● **BRIEF**
Copy, exactly and without additions, every line in the records below from the one holding "by eventually_elim (use" through the one holding "case (elim n)", both ends included.

***** PROVIDED DATA *****

(* Let $(v_n)$ be a sequence of weakly increasing functions $v_n:\mathbb{R}\to\mathbb{R}$ such that $\mathrm{Var}_{a^*}[v_n(L_n)]\le\exp[-\lambda n+o(n)]$ for some $\lambda>0$. Then for any interval $[\underline\gamma,\overline\gamma]\ni\hat L_{a^*}$ with $\inf_{\gamma<\underline\gamma}I_{a^*,\hat a}(\gamma)<\lambda$ and $\inf_{\gamma>\overline\gamma}I_{a^*,\hat a}(\gamma)<\lambda$, we have $\lim_{n\to\infty}\big(v_n(\overline\gamma)-v_n(\underline\gamma)\big)=0$.
   Context: Two actions $a^*\neq\hat a$ with Borel probability measures $\mu_{a^*}\neq\mu_{\hat a}$ on a signal space $X$ (subset of a Euclidean space), mutually absolutely continuous, with $\int(\frac{d\mu_{a'}}{d\mu_a})^\lambda d\mu_a<\infty$ for all $\lambda>0$, $a,a'\in\{a^*,\hat a\}$. Under action $a$, $x_1,\dots,x_n$ are i.i.d. from $\mu_a$, with probability, expectation, variance $\mathbb{P}_a,\mathbb{E}_a,\mathrm{Var}_a$. $L_n:=\frac1n\sum_{i=1}^n\log\frac{d\mu_{a^*}}{d\mu_{\hat a}}(x_i)$ and $\hat L_{a^*}:=\mathbb{E}_{a^*}[L_n]$. $I_{a^*,\hat a}(\ell):=\sup_{\lambda\in\mathbb{R}}\big(\lambda\ell-\log\int(\frac{d\mu_{a^*}}{d\mu_{\hat a}}(x))^\lambda d\mu_{a^*}(x)\big)$. $f(n)\le\exp[-\lambda n+o(n)]$ means $\limsup_n\frac1n\log f(n)\le-\lambda$. *)

theory Defs
  imports "HOL-Probability.Probability"
begin

(* log-likelihood ratio  log (d mu_{a*} / d mu_{a^}) (x);  RN_deriv N M is dM/dN *)
definition llr :: "'a measure \<Rightarrow> 'a measure \<Rightarrow> 'a \<Rightarrow> real" where
  "llr Ms Mh x = ln (enn2real (RN_deriv Mh Ms x))"

definition Ln :: "'a measure \<Rightarrow> 'a measure \<Rightarrow> nat \<Rightarrow> (nat \<Rightarrow> 'a) \<Rightarrow> real" where
  "Ln Ms Mh n \<omega> = (\<Sum>i<n. llr Ms Mh (\<omega> i)) / real n"

(* law of the whole sample sequence under action a*: i.i.d. from Ms *)
definition sample_law :: "'a measure \<Rightarrow> (nat \<Rightarrow> 'a) measure" where
  "sample_law Ms = PiM UNIV (\<lambda>_::nat. Ms)"

definition rate_I :: "'a measure \<Rightarrow> 'a measure \<Rightarrow> real \<Rightarrow> ereal" where
  "rate_I Ms Mh l = (SUP t\<in>(UNIV::real set).
      ereal (t * l - ln (\<integral>x. enn2real (RN_deriv Mh Ms x) powr t \<partial>Ms)))"

end

theory Submission
  imports Defs
begin

(* Let d n = v n gu - v n gl.  As v n is monotone, v n (L n) \<le> v n gl on {L n \<le> gl} and
   v n (L n) \<ge> v n gu on {L n \<ge> gu}; the mean of v n (L n) is at distance at least d n / 2 from
   one of these two values, so Chebyshev's inequality bounds the variance of v n (L n) from below
   by min (P {L n \<le> gl}) (P {L n \<ge> gu}) * (d n / 2)\<^sup>2.  A Cramer-type lower bound makes both
   probabilities at least exp (- c n) / 2 with c < lam, so (d n)\<^sup>2 decays exponentially.

   The lower bound on P {S \<le> n gl} for the sum S of n log-likelihood ratios is obtained by
   exponential tilting.  For g slightly below gl, the function s g - ln (mgf s) has a maximiser
   t \<le> 0 (it tends to -\<infinity> at -\<infinity> since the rate function is below lam somewhere left of g,
   and it is \<le> 0 for s \<ge> 0 by Jensen's inequality), so ln (mgf) has slope g at t.  Splitting exp (t S) at the levels n (g - \<delta>) and n (g + \<delta>) gives
     mgf t ^ n \<le> exp (t (g - \<delta>)) ^ n P {S \<le> n (g + \<delta>)}
                   + (exp (h (g - \<delta>)) mgf (t - h)) ^ n + (exp (- h (g + \<delta>)) mgf (t + h)) ^ n,
   and for small h the last two terms are negligible since ln (mgf) has slope g at t. *)

lemma abs_exp_minus_one_minus_le:
  fixes x :: real
  shows "\<bar>exp x - 1 - x\<bar> \<le> x\<^sup>2 * exp \<bar>x\<bar>"
proof -
  obtain t where t: "\<bar>t\<bar> \<le> \<bar>x\<bar>" "exp x = (\<Sum>m<2. x ^ m / fact m) + exp t / fact 2 * x ^ 2"
    using Maclaurin_exp_le[of x 2] by blast
  then have remainder: "exp x - 1 - x = exp t / 2 * x\<^sup>2"
    by (simp add: numeral_2_eq_2)
  have "exp t / 2 \<le> exp \<bar>x\<bar>"
    using t(1) exp_gt_zero[of t] exp_le_cancel_iff[of t "\<bar>x\<bar>"] by linarith
  then have "exp t / 2 * x\<^sup>2 \<le> exp \<bar>x\<bar> * x\<^sup>2"
    by (rule mult_right_mono) simp
  then show ?thesis
    unfolding remainder by (simp add: mult.commute)
qed

lemma abs_le_exp_plus_exp_minus: "\<bar>y\<bar> \<le> exp y + exp (- y)" for y :: real
  using exp_ge_add_one_self[of y] exp_ge_add_one_self[of "- y"]
    exp_gt_zero[of y] exp_gt_zero[of "- y"]
  by linarith

lemma power2_mult_exp_abs_le: "y\<^sup>2 * exp \<bar>y\<bar> \<le> 2 * (exp (2 * y) + exp (- 2 * y))" for y :: real
proof -
  have "y\<^sup>2 * exp \<bar>y\<bar> \<le> 2 * exp \<bar>y\<bar> * exp \<bar>y\<bar>"
    using exp_lower_Taylor_quadratic[of "\<bar>y\<bar>"] by (intro mult_right_mono) auto
  also have "\<dots> = 2 * exp (2 * \<bar>y\<bar>)"
    by (simp flip: exp_add)
  also have "\<dots> \<le> 2 * (exp (2 * y) + exp (- 2 * y))"
    by (cases "y \<ge> 0") auto
  finally show ?thesis .
qed

lemma exp_mult_le_split:
  fixes t h x a b :: real
  assumes "t \<le> 0" "h > 0"
  shows "exp (t * x) \<le> exp (t * a) * (if x \<le> b then 1 else 0)
    + exp (h * a) * exp ((t - h) * x) + exp (- (h * b)) * exp ((t + h) * x)"
proof -
  consider "x < a" | "a \<le> x" "x \<le> b" | "b < x"
    by linarith
  then show ?thesis
  proof cases
    case 1
    then have "t * x \<le> h * a + (t - h) * x"
      using assms by (simp add: algebra_simps)
    then have "exp (t * x) \<le> exp (h * a) * exp ((t - h) * x)"
      by (simp flip: exp_add)
    then show ?thesis
      by (simp add: add_increasing add_increasing2)
  next
    case 2
    then have "exp (t * x) \<le> exp (t * a) * (if x \<le> b then 1 else 0)"
      using assms by (simp add: mult_left_mono_neg)
    then show ?thesis
      by (simp add: add_increasing2)
  next
    case 3
    then have "t * x \<le> - (h * b) + (t + h) * x"
      using assms by (simp add: algebra_simps)
    then have "exp (t * x) \<le> exp (- (h * b)) * exp ((t + h) * x)"
      by (simp flip: exp_add)
    then show ?thesis
      by (simp add: add_increasing)
  qed
qed

lemma eventually_power_add_power_le_half:
  fixes a b L :: real
  assumes "0 \<le> a" "a < L" "0 \<le> b" "b < L"
  shows "\<forall>\<^sub>F n in sequentially. a ^ n + b ^ n \<le> L ^ n / 2"
proof -
  have "(\<lambda>n. (a / L) ^ n + (b / L) ^ n) \<longlonglongrightarrow> 0 + 0"
    using assms by (intro tendsto_add LIMSEQ_power_zero) auto
  then have "\<forall>\<^sub>F n in sequentially. (a / L) ^ n + (b / L) ^ n < 1 / 2"
    by (rule order_tendstoD) simp
  then show ?thesis
    by eventually_elim (use assms in \<open>simp add: power_divide field_simps\<close>)
qed

lemma tendsto_zero_of_exp_weighted_power2_le:
  fixes x :: "nat \<Rightarrow> real"
  assumes "c < d"
    and bound: "\<forall>\<^sub>F n in sequentially. exp (- (c * real n)) * (x n)\<^sup>2 \<le> K * exp (- d * real n)"
  shows "x \<longlonglongrightarrow> 0"
proof -
  have "\<forall>\<^sub>F n in sequentially. norm ((x n)\<^sup>2) \<le> K * exp (- (d - c)) ^ n"
    using bound
  proof eventually_elim
    case (elim n)
    then have "(x n)\<^sup>2 \<le> K * (exp (- d * real n) / exp (- (c * real n)))"
      by (simp add: pos_le_divide_eq mult.commute)
    also have "exp (- d * real n) / exp (- (c * real n)) = exp (real n * (- (d - c)))"
      by (simp only: exp_diff[symmetric]) (simp add: algebra_simps)
    also have "\<dots> = exp (- (d - c)) ^ n"
      by (rule exp_of_nat_mult)
    finally show ?case
      by simp
  qed
  moreover have "(\<lambda>n. K * exp (- (d - c)) ^ n) \<longlonglongrightarrow> 0"
    using assms(1) by (intro tendsto_mult_right_zero LIMSEQ_power_zero) simp_all
  ultimately have "(\<lambda>n. (x n)\<^sup>2) \<longlonglongrightarrow> 0"
    by (rule Lim_null_comparison)
  then have "(\<lambda>n. sqrt ((x n)\<^sup>2)) \<longlonglongrightarrow> sqrt 0"
    by (rule tendsto_real_sqrt)
  then show ?thesis
    by (simp add: tendsto_rabs_zero_iff)
qed

lemma has_real_derivative_of_quadratic_remainder:
  fixes f :: "real \<Rightarrow> real"
  assumes remainder: "\<And>h. \<bar>h\<bar> \<le> 1 \<Longrightarrow> \<bar>f (s + h) - f s - h * D\<bar> \<le> h\<^sup>2 * K"
  shows "(f has_real_derivative D) (at s)"
proof -
  have "((\<lambda>y. (f y - f s) / (y - s) - D) \<longlongrightarrow> 0) (at s)"
  proof (rule Lim_null_comparison)
    have "norm ((f y - f s) / (y - s) - D) \<le> \<bar>y - s\<bar> * K" if "y \<noteq> s" "dist y s < 1" for y
    proof -
      have "norm ((f y - f s) / (y - s) - D) = \<bar>f (s + (y - s)) - f s - (y - s) * D\<bar> / \<bar>y - s\<bar>"
        using that by (simp add: field_simps)
      also have "\<dots> \<le> (y - s)\<^sup>2 * K / \<bar>y - s\<bar>"
        using remainder[of "y - s"] that by (intro divide_right_mono) (auto simp: dist_real_def)
      also have "\<dots> = \<bar>y - s\<bar> * K"
        using that by (simp add: power2_eq_square divide_simps)
      finally show ?thesis .
    qed
    then show "\<forall>\<^sub>F y in at s. norm ((f y - f s) / (y - s) - D) \<le> \<bar>y - s\<bar> * K"
      unfolding eventually_at by (intro exI[of _ 1]) auto
    have "((\<lambda>y. \<bar>y - s\<bar> * K) \<longlongrightarrow> \<bar>s - s\<bar> * K) (at s)"
      by (intro tendsto_intros)
    then show "((\<lambda>y. \<bar>y - s\<bar> * K) \<longlongrightarrow> 0) (at s)"
      by simp
  qed
  then show ?thesis
    unfolding has_field_derivative_iff by (rule LIM_zero_cancel)
qed

lemma ln_has_real_derivative_window:
  fixes f :: "real \<Rightarrow> real"
  assumes pos: "\<And>s. f s > 0" and deriv: "((\<lambda>s. ln (f s)) has_real_derivative D) (at t)"
    and "\<delta> > 0"
  obtains h where "h > 0" "f (t - h) * exp (h * (D - \<delta>)) < f t"
    "f (t + h) * exp (- (h * (D + \<delta>))) < f t"
proof -
  have "((\<lambda>s. (D + \<delta>) * s - ln (f s)) has_real_derivative (D + \<delta>) - D) (at t)"
    by (rule DERIV_diff[OF _ deriv]) (auto intro!: derivative_eq_intros)
  then obtain d1 where "d1 > 0"
    and right: "\<And>h. 0 < h \<Longrightarrow> h < d1 \<Longrightarrow> (D + \<delta>) * t - ln (f t) < (D + \<delta>) * (t + h) - ln (f (t + h))"
    using DERIV_pos_inc_right \<open>\<delta> > 0\<close> by fastforce
  have "((\<lambda>s. ln (f s) - (D - \<delta>) * s) has_real_derivative D - (D - \<delta>)) (at t)"
    by (rule DERIV_diff[OF deriv]) (auto intro!: derivative_eq_intros)
  then obtain d2 where "d2 > 0"
    and left: "\<And>h. 0 < h \<Longrightarrow> h < d2 \<Longrightarrow> ln (f (t - h)) - (D - \<delta>) * (t - h) < ln (f t) - (D - \<delta>) * t"
    using DERIV_pos_inc_left \<open>\<delta> > 0\<close> by fastforce
  define h where "h = min d1 d2 / 2"
  have h: "0 < h" "h < d1" "h < d2"
    using \<open>d1 > 0\<close> \<open>d2 > 0\<close> by (auto simp: h_def)
  have "f (t - h) * exp (h * (D - \<delta>)) = exp (ln (f (t - h)) + h * (D - \<delta>))"
    using pos by (simp add: exp_add)
  also have "\<dots> < exp (ln (f t))"
    using left[OF h(1,3)] by (simp add: algebra_simps)
  finally have below: "f (t - h) * exp (h * (D - \<delta>)) < f t"
    using pos by simp
  have "f (t + h) * exp (- (h * (D + \<delta>))) = exp (ln (f (t + h)) - h * (D + \<delta>))"
    using pos[of "t + h"] by (simp add: exp_diff exp_minus divide_inverse)
  also have "\<dots> < exp (ln (f t))"
    using right[OF h(1,2)] by (simp add: algebra_simps)
  finally have "f (t + h) * exp (- (h * (D + \<delta>))) < f t"
    using pos by simp
  with below show ?thesis
    using that h(1) by blast
qed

*****

● **RESULT FOR THIS EXERCISE**
    by eventually_elim (use assms in \<open>simp add: power_divide field_simps\<close>)
qed

lemma tendsto_zero_of_exp_weighted_power2_le:
  fixes x :: "nat \<Rightarrow> real"
  assumes "c < d"
    and bound: "\<forall>\<^sub>F n in sequentially. exp (- (c * real n)) * (x n)\<^sup>2 \<le> K * exp (- d * real n)"
  shows "x \<longlonglongrightarrow> 0"
proof -
  have "\<forall>\<^sub>F n in sequentially. norm ((x n)\<^sup>2) \<le> K * exp (- (d - c)) ^ n"
    using bound
  proof eventually_elim
    case (elim n)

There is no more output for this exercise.